Он не глядя пошарил за спиной — перед тем как лечь в постель, видел там пачку «Кабальеро». Когда он приподнялся, Лида тихонько заворчала, а его взгляд вдруг уперся в глаза Зиты. Бумажные глаза, но все-таки ее. Фотография из «Табу», на целый разворот. Ну вот, подумал Инни, я в Помпеях. Сейчас меня захлестнет поток лавы, и я навсегда останусь здесь. Мужчина, склоненный над женщиной. И ведь в невообразимо далеком завтра никому в голову не придет, что она совсем посторонняя; подняв голову, мужчина смотрит на что-то давным-давно незримое. Его охватила печаль. Сотни раз он видел эту фотографию, но теперь казалось, будто за снимком, четырьмя кнопками пришпиленном к коричневым обоям, находилась вселенная, состоящая из одной только Зиты, вселенная, куда ему отныне нет доступа. Но что это? Зеленые глаза холодны, словно вырезаны из непроницаемого камня. Неужели когда-то они смотрели на него с любовью? Губы у нее приоткрыты, будто она собиралась произнести или уже произнесла нечто такое, что навеки покончит с Зитой и Инни, намибийское проклятие, негромкую сокрушительную формулу, которая сотрет их смехотворные имена, наложит на них запрет, сделает непроизносимыми и навеки изгонит его из ее жизни, не только из предстоящего времени — это бы еще куда ни шло, — но и из минувшего, и тогда все, что было, перестанет существовать. Целых восемь лет будут вычеркнуты, и он вместе с ними! Инни все пристальнее вглядывался в бумажное лицо, и с каждой секундой оно все больше менялось, превращаясь в незнакомую, враждебную женскую маску, которая, вне всякого сомнения, видела его — и отвергала, потому что одновременно смотрела на кого-то другого с любовью, предназначенной уже не ему, Инни, но тому единственному, на кого она смотрела, когда был сделан этот снимок, — фотографу.

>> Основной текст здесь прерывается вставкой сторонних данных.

lemma exists_inj_on_onto_parts:
  assumes "finite U1" "finite U2" "finite U3" "finite Q1" "finite Q2" "finite Q3"
    and "U1 \<inter> U2 = {}" "U1 \<inter> U3 = {}" "U2 \<inter> U3 = {}"
    and "Q1 \<inter> Q2 = {}" "Q1 \<inter> Q3 = {}" "Q2 \<inter> Q3 = {}"
    and "card U1 = card Q1" "card U2 = card Q2" "card U3 = card Q3"
  obtains \<sigma> where "inj_on \<sigma> (U1 \<union> U2 \<union> U3)" "\<sigma> ` U1 = Q1" "\<sigma> ` U2 = Q2" "\<sigma> ` U3 = Q3"
proof -
  obtain h1 where "bij_betw h1 U1 Q1" using finite_same_card_bij assms(1,4,13) by blast
  obtain h2 where "bij_betw h2 U2 Q2" using finite_same_card_bij assms(2,5,14) by blast
  obtain h3 where "bij_betw h3 U3 Q3" using finite_same_card_bij assms(3,6,15) by blast
  define \<sigma> where "\<sigma> x = (if x \<in> U1 then h1 x else if x \<in> U2 then h2 x else h3 x)" for x
  have "bij_betw \<sigma> U1 Q1"
    by (intro bij_betw_cong[THEN iffD1, OF _ \<open>bij_betw h1 U1 Q1\<close>]) (simp add: \<sigma>_def)
  moreover have "bij_betw \<sigma> U2 Q2"
    using assms(7) by (intro bij_betw_cong[THEN iffD1, OF _ \<open>bij_betw h2 U2 Q2\<close>]) (auto simp: \<sigma>_def)
  moreover have "bij_betw \<sigma> U3 Q3"
    using assms(8,9) by (intro bij_betw_cong[THEN iffD1, OF _ \<open>bij_betw h3 U3 Q3\<close>]) (auto simp: \<sigma>_def)
  ultimately have "bij_betw \<sigma> (U1 \<union> U2 \<union> U3) (Q1 \<union> Q2 \<union> Q3)"
    using assms(10-12) by (intro bij_betw_combine) auto
  then show ?thesis
    using \<open>bij_betw \<sigma> U1 Q1\<close> \<open>bij_betw \<sigma> U2 Q2\<close> \<open>bij_betw \<sigma> U3 Q3\<close>
    by (intro that[of \<sigma>]) (auto simp: bij_betw_def)
qed
(* Let $m,n\geq 0$ be integers, and let $U=e^{2\pi i\alpha}$, $V=e^{2\pi i\beta}$ with $0\leq \alpha,\beta<1$ and $\alpha\neq\beta$. Then \[ \frac{2}{(2\pi i)^{m+n+1}}\int_0^1 \frac{dr}{r}\int_0^1 d\phi\, \Big(\operatorname{Li}_m(re^{2\pi i\phi}\bar V)-(-1)^m\,\overline{\operatorname{Li}_m(re^{2\pi i\phi}\bar V)}\Big)\Big(\operatorname{Li}_n(re^{2\pi i\phi}\bar U)+(-1)^n\,\overline{\operatorname{Li}_n(re^{2\pi i\phi}\bar U)}\Big) = -\frac{(-1)^n}{(m+n+1)!}\,B_{m+n+1}\big(\alpha-\beta+H(\beta-\alpha)\big), \] where the integral over $r$ is understood as $\lim_{\lambda\uparrow 1}\int_0^\lambda$. In particular, on each of the regions $\{\alpha<\beta\}$ and $\{\alpha>\beta\}$ this quantity is a polynomial in $\alpha,\beta$ with rational coefficients.
   Context: For an integer $k\geq 0$, $\operatorname{Li}_k(x)=\sum_{j\geq 1} x^j/j^k$ is the polylogarithm, defined by this series for $|x|<1$ (in the integrand, $|re^{2\pi i\phi}\bar U|=|re^{2\pi i\phi}\bar V|=r<1$). The bar denotes complex conjugation. $B_k$ denotes the $k$-th Bernoulli polynomial (defined by $B_0=1$, $B_k'=kB_{k-1}$, $\int_0^1 B_k=0$ for $k\geq1$). $H$ is the Heaviside function: $H(x)=0$ for $x\leq 0$ and $H(x)=1$ for $x>0$. *)

theory Defs
  imports "HOL-Analysis.Analysis"
begin

text \<open>Polylogarithm Li_k(x) = sum_{j>=1} x^j / j^k (meaningful for |x| < 1).\<close>
definition polylog :: "nat \<Rightarrow> complex \<Rightarrow> complex" where
  "polylog k x = (\<Sum>j. x ^ Suc j / of_nat (Suc j) ^ k)"

fun bernpoly :: "nat \<Rightarrow> real \<Rightarrow> real" where
  "bernpoly 0 = (\<lambda>x. 1)"
| "bernpoly (Suc k) =
     (THE f. (\<forall>x. (f has_real_derivative (of_nat (Suc k) * bernpoly k x)) (at x))
             \<and> integral {0..1} f = 0)"

definition heaviside :: "real \<Rightarrow> real" where
  "heaviside x = (if x > 0 then 1 else 0)"

end

theory Submission
  imports Defs
begin

text \<open>
  For r < 1 both factors of the integrand are absolutely convergent series in the harmonics
  e(j\<phi>) = exp(2\<pi>ij\<phi>), with coefficients of size r^j/j^m and r^j/j^n. By orthogonality the
  \<phi>-integral is \<Sum>_j r^(2j) ((-1)^n e(j\<theta>) - (-1)^m e(-j\<theta>)) / j^(m+n), where \<theta> = \<alpha> - \<beta>, and
  integrating against dr/r up to t gives (-1)^n/2 (Li_N(t^2 e(y)) + (-1)^N Li_N(t^2 e(-y))) with
  N = m+n+1 and y = \<theta> + H(\<beta> - \<alpha>) \<in> (0,1).

  What remains is the Abel summability of the Fourier series of B_N: as s \<rightarrow> 1-,
  Li_N(s e(y)) + (-1)^N Li_N(s e(-y)) tends to -(2\<pi>i)^N/N! B_N(y). For N = 1 this is the explicit
  value of Ln(1 - e(y)). Both sides have mean zero in y and their y-derivatives at level N+1 are
  2\<pi>i times the corresponding functions at level N, so the sup norm of the difference at level N+1 is
  at most 4\<pi> times its L1 norm at level N; dominated convergence at level 1 propagates to every N.
\<close>

section \<open>Bernoulli polynomials\<close>

declare bernpoly.simps(2)[simp del]

lemma eq_if_same_derivative_and_integral:
  fixes f h :: "real \<Rightarrow> real"
  assumes "\<And>x. (f has_real_derivative g x) (at x)" "\<And>x. (h has_real_derivative g x) (at x)"
    and "integral {0..1} f = integral {0..1} h"
  shows "f = h"
proof -
  have "\<forall>x. ((\<lambda>x. f x - h x) has_real_derivative 0) (at x)"
    using assms(1,2) by (auto intro!: derivative_eq_intros)
  from DERIV_isconst_all[OF this] have const: "f x - h x = f 0 - h 0" for x
    by simp
  have "continuous_on {0..1} f" "continuous_on {0..1} h"
    using assms(1,2) by (meson DERIV_continuous continuous_at_imp_continuous_on)+
  then have "integral {0..1} (\<lambda>x. f x - h x) = 0"
    using assms(3) by (subst integral_diff) (auto intro!: integrable_continuous_real)
  moreover have "integral {0..1} (\<lambda>x. f x - h x) = f 0 - h 0"
    by (subst const) simp
  ultimately show ?thesis
    using const by (intro ext) (metis eq_iff_diff_eq_0)
qed

lemma real_polynomial_function_antiderivative:
  assumes "real_polynomial_function g"
  obtains F where "real_polynomial_function F" "\<And>x. (F has_real_derivative g x) (at x)"
proof -
  obtain a d where g: "g = (\<lambda>x. \<Sum>i\<le>d. a i * x ^ i)"
    using assms real_polynomial_function_iff_sum by blast
  define F where "F = (\<lambda>x::real. \<Sum>i\<le>d. a i / real (Suc i) * x ^ Suc i)"
  have "real_polynomial_function F"
    unfolding F_def
    by (intro real_polynomial_function_sum real_polynomial_function_power
        real_polynomial_function.intros(4)[OF real_polynomial_function.intros(2)]
        real_polynomial_function.intros(1) bounded_linear_ident) simp
  moreover have "(F has_real_derivative g x) (at x)" for x
  proof -
    have "(F has_real_derivative (\<Sum>i\<le>d. a i / real (Suc i) * (real (Suc i) * x ^ i))) (at x)"
      unfolding F_def by (intro derivative_eq_intros) auto
    then show ?thesis
      by (simp add: g del: of_nat_Suc)
  qed
  ultimately show ?thesis using that by blast
qed

lemma real_polynomial_function_normalized_antiderivative:
  assumes "real_polynomial_function g"
  obtains F where "real_polynomial_function F" "\<And>x. (F has_real_derivative g x) (at x)"
    "integral {0..1} F = 0"
proof -
  obtain F0 where F0: "real_polynomial_function F0" "\<And>x. (F0 has_real_derivative g x) (at x)"
    using real_polynomial_function_antiderivative[OF assms] by blast
  define F where "F = (\<lambda>x. F0 x - integral {0..1} F0)"
  have "continuous_on {0..1} F0"
    using F0(1) continuous_on_polymonial_function real_polynomial_function_eq by blast
  then have "integral {0..1} F = 0"
    unfolding F_def by (subst integral_diff) (auto intro!: integrable_continuous_real)
  moreover have "real_polynomial_function F"
    unfolding F_def using F0(1) by (intro real_polynomial_function_diff) auto
  moreover have "(F has_real_derivative g x) (at x)" for x
    unfolding F_def using F0(2)[of x] by (auto intro!: derivative_eq_intros)
  ultimately show ?thesis using that by blast
qed

lemma bernpoly_Suc_char:
  assumes "real_polynomial_function (bernpoly k)"
  shows "real_polynomial_function (bernpoly (Suc k))"
    and "(bernpoly (Suc k) has_real_derivative (of_nat (Suc k) * bernpoly k x)) (at x)"
    and "integral {0..1} (bernpoly (Suc k)) = 0"
proof -
  define P where "P F \<longleftrightarrow> (\<forall>x. (F has_real_derivative (of_nat (Suc k) * bernpoly k x)) (at x))
    \<and> integral {0..1} F = 0" for F
  have "real_polynomial_function (\<lambda>x. of_nat (Suc k) * bernpoly k x)"
    by (rule real_polynomial_function.intros(4)[OF real_polynomial_function.intros(2) assms])
  then obtain F where F: "real_polynomial_function F" "P F"
    unfolding P_def by (metis real_polynomial_function_normalized_antiderivative)
  have "bernpoly (Suc k) = (THE F. P F)"
    unfolding P_def bernpoly.simps(2) ..
  also have "(THE F. P F) = F"
  proof (rule the_equality)
    show "P F" by (rule F(2))
    show "G = F" if "P G" for G
      using that F(2) unfolding P_def
      by (intro eq_if_same_derivative_and_integral[where g = "\<lambda>x. of_nat (Suc k) * bernpoly k x"]) auto
  qed
  finally show "real_polynomial_function (bernpoly (Suc k))"
    "(bernpoly (Suc k) has_real_derivative (of_nat (Suc k) * bernpoly k x)) (at x)"
    "integral {0..1} (bernpoly (Suc k)) = 0"
    using F unfolding P_def by simp_all
qed

lemma real_polynomial_function_bernpoly: "real_polynomial_function (bernpoly k)"
proof (induction k)
  case 0
  show ?case by (simp add: real_polynomial_function.intros(2))
next
  case (Suc k)
  then show ?case by (rule bernpoly_Suc_char(1))
qed

lemma has_real_derivative_bernpoly:
  "(bernpoly (Suc k) has_real_derivative (of_nat (Suc k) * bernpoly k x)) (at x)"
  by (rule bernpoly_Suc_char(2)[OF real_polynomial_function_bernpoly])

lemma integral_bernpoly: "integral {0..1} (bernpoly (Suc k)) = 0"
  by (rule bernpoly_Suc_char(3)[OF real_polynomial_function_bernpoly])

lemma continuous_on_bernpoly: "continuous_on A (bernpoly k)"
  using continuous_on_polymonial_function real_polynomial_function_bernpoly
    real_polynomial_function_eq by blast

— Красивая головка у девушки, — сказала Лида, садясь в постели. Он заметил, что и груди у нее теперь в серебре. Повсюду эта дрянь — у него на руках и на груди, у нее на лице, повсюду!
Он встал и оделся, глядя, как в зеркале мелькает отражение его серебряной фигуры.
— Не хочу к тебе привыкать, — сказала Лида, и прозвучало это как пункт повестки дня какого-нибудь собрания. Он махнул рукой в сторону серебряного, вдруг ставшего мокрым от слез пятна ее лица, и вышел наружу, на улицу с безмолвными, притихшими домами, полными спящих людей.
Проехал он прямиком в Босплан и попытался в пруду отмыть руки от серебра, этого внешнего знака своего ухода из жизни Зиты, но безрезультатно, напротив, стало только хуже. Шестой час утра. Природа, где животные друг друга не знают и никто никого не любит, пробуждалась.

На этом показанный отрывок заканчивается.